→ **Problem**: Of the lines in the data below, write out exactly those from the one holding "text \<open>The cyclic" through the one holding "x y) \<longrightarrow>", both included.

(Saved entries)
━━━

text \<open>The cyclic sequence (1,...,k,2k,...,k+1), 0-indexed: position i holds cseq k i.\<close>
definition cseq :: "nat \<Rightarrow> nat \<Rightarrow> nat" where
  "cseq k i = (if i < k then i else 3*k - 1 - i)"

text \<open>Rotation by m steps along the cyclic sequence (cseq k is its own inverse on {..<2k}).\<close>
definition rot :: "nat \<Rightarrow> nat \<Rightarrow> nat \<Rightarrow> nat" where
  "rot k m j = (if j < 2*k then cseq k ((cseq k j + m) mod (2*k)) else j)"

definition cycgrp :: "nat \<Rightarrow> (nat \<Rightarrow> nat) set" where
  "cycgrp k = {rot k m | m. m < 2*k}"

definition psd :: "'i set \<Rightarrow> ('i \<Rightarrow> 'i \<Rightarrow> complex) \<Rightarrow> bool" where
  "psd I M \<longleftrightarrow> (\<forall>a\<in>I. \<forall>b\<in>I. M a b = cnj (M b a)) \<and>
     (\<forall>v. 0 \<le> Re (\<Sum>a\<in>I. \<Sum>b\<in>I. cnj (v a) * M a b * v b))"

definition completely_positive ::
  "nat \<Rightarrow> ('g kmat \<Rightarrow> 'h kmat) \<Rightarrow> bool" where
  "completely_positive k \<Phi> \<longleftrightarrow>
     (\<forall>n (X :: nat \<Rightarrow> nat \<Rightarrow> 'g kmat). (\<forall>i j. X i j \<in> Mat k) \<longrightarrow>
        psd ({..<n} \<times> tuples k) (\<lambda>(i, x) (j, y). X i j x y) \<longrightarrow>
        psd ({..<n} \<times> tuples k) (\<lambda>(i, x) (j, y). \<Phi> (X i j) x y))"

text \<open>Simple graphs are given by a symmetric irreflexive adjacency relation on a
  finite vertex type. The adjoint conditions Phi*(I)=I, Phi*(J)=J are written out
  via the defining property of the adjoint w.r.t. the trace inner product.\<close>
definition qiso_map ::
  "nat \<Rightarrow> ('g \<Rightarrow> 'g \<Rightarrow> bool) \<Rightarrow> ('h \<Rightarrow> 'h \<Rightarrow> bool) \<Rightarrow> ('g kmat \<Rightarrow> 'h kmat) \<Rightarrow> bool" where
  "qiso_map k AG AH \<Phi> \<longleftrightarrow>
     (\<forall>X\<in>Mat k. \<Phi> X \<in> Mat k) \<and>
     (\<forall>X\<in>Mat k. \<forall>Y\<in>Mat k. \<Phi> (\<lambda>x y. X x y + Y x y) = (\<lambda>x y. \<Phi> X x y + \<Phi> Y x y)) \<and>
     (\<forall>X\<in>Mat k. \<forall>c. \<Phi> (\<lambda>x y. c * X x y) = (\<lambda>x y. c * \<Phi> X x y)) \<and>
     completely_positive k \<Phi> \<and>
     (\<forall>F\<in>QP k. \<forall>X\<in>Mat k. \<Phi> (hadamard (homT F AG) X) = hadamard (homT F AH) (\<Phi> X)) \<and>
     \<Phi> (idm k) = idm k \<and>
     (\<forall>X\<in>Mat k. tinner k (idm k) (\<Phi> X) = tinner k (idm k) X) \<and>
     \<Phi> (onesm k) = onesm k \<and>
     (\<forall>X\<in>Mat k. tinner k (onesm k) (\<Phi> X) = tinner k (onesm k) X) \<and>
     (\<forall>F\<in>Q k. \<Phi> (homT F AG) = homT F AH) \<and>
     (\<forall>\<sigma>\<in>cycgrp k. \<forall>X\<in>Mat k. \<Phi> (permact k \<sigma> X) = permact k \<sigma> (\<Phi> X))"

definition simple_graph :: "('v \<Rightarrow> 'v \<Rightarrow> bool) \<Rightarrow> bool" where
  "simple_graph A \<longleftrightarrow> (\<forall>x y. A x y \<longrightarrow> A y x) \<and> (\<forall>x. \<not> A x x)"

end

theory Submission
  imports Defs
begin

━━━

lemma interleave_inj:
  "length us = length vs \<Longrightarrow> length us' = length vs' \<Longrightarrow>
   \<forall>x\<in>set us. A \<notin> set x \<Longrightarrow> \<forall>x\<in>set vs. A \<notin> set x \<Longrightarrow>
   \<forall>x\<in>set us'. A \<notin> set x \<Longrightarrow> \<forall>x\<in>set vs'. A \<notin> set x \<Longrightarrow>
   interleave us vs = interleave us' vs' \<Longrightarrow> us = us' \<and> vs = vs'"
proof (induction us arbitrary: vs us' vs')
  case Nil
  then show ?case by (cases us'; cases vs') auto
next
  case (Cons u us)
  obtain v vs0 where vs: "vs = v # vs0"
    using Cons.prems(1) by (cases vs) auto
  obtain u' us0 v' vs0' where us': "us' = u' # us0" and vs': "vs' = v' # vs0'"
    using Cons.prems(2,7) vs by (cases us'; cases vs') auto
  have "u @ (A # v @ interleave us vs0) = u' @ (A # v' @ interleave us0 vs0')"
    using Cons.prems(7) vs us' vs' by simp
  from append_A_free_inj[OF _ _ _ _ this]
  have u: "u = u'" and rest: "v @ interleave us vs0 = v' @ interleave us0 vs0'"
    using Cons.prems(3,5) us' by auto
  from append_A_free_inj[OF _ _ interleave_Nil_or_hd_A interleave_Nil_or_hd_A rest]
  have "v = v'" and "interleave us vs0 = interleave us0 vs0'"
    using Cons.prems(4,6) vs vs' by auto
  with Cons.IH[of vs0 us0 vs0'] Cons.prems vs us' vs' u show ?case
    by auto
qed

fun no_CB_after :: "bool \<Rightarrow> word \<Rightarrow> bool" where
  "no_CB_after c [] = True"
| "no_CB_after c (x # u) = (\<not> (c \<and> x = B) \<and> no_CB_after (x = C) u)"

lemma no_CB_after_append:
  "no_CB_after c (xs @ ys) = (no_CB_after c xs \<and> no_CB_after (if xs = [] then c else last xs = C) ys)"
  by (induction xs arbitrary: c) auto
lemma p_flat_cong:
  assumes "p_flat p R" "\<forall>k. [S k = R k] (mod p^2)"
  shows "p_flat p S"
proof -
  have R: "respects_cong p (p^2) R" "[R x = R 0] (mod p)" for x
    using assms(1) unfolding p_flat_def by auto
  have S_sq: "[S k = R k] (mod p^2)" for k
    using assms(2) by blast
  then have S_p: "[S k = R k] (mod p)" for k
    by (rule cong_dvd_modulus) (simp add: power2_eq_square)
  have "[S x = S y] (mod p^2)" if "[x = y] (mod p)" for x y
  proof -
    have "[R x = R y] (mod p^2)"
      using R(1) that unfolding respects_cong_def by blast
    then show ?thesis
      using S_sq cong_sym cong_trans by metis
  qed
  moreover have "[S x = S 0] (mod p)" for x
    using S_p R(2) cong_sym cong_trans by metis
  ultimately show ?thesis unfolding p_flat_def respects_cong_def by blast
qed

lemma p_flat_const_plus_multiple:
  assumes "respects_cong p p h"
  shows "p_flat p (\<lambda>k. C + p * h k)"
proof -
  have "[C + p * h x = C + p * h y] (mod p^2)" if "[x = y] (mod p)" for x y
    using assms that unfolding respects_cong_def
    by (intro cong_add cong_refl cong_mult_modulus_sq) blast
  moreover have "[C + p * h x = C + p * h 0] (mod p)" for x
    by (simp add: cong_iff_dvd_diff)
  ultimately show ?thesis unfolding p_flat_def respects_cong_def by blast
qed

━━━

→ **Response area**:
text \<open>The cyclic sequence (1,...,k,2k,...,k+1), 0-indexed: position i holds cseq k i.\<close>
definition cseq :: "nat \<Rightarrow> nat \<Rightarrow> nat" where
  "cseq k i = (if i < k then i else 3*k - 1 - i)"

text \<open>Rotation by m steps along the cyclic sequence (cseq k is its own inverse on {..<2k}).\<close>
definition rot :: "nat \<Rightarrow> nat \<Rightarrow> nat \<Rightarrow> nat" where
  "rot k m j = (if j < 2*k then cseq k ((cseq k j + m) mod (2*k)) else j)"

definition cycgrp :: "nat \<Rightarrow> (nat \<Rightarrow> nat) set" where
  "cycgrp k = {rot k m | m. m < 2*k}"

definition psd :: "'i set \<Rightarrow> ('i \<Rightarrow> 'i \<Rightarrow> complex) \<Rightarrow> bool" where
  "psd I M \<longleftrightarrow> (\<forall>a\<in>I. \<forall>b\<in>I. M a b = cnj (M b a)) \<and>
     (\<forall>v. 0 \<le> Re (\<Sum>a\<in>I. \<Sum>b\<in>I. cnj (v a) * M a b * v b))"

definition completely_positive ::
  "nat \<Rightarrow> ('g kmat \<Rightarrow> 'h kmat) \<Rightarrow> bool" where
  "completely_positive k \<Phi> \<longleftrightarrow>
     (\<forall>n (X :: nat \<Rightarrow> nat \<Rightarrow> 'g kmat). (\<forall>i j. X i j \<in> Mat k) \<longrightarrow>
        psd ({..<n} \<times> tuples k) (\<lambda>(i, x) (j, y). X i j x y) \<longrightarrow>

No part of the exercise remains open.